*** Block opens ***
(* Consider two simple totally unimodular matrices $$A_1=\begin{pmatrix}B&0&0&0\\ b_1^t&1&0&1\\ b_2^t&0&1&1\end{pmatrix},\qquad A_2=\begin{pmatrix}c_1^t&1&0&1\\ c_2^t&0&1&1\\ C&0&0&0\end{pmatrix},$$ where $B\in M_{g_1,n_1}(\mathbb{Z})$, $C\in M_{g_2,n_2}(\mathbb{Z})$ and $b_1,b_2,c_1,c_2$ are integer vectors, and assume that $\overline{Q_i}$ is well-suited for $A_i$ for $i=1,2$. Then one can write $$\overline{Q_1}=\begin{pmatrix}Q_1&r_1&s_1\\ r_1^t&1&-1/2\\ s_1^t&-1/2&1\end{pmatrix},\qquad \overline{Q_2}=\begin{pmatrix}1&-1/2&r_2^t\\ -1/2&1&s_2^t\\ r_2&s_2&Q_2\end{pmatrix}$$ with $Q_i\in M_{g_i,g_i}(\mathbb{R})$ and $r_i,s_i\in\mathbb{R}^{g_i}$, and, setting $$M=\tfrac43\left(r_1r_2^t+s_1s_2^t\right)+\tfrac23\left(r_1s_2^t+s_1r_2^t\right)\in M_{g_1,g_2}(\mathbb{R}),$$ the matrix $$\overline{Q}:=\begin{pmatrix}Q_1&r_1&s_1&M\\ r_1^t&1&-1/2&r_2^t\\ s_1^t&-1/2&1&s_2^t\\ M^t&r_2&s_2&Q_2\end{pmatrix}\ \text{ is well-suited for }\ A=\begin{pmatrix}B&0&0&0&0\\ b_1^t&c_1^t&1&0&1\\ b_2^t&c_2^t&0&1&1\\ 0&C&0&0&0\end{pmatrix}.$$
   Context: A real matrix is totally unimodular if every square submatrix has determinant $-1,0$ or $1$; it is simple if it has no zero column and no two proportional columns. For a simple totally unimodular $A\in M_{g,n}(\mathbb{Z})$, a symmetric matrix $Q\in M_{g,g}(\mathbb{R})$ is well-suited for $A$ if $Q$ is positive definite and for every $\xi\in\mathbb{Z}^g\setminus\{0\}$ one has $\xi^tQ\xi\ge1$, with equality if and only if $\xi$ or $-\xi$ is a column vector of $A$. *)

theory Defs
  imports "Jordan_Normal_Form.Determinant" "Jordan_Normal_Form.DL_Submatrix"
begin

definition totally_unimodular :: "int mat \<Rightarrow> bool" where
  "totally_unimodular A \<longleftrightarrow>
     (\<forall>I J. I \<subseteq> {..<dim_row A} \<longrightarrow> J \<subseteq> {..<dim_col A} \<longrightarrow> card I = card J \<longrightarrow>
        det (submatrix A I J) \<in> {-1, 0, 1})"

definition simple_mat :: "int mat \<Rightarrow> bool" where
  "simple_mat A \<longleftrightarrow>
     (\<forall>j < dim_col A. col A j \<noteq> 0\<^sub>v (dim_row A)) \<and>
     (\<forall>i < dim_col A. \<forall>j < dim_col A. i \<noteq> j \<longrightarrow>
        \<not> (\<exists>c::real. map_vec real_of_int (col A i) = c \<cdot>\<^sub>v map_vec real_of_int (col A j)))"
*** Block closes ***
* **WHAT YOU WILL DO**:
Now copy each line of the entries that mentions "forall".

* **SOLUTION BELOW**:
     (\<forall>I J. I \<subseteq> {..<dim_row A} \<longrightarrow> J \<subseteq> {..<dim_col A} \<longrightarrow> card I = card J \<longrightarrow>
     (\<forall>j < dim_col A. col A j \<noteq> 0\<^sub>v (dim_row A)) \<and>
     (\<forall>i < dim_col A. \<forall>j < dim_col A. i \<noteq> j \<longrightarrow>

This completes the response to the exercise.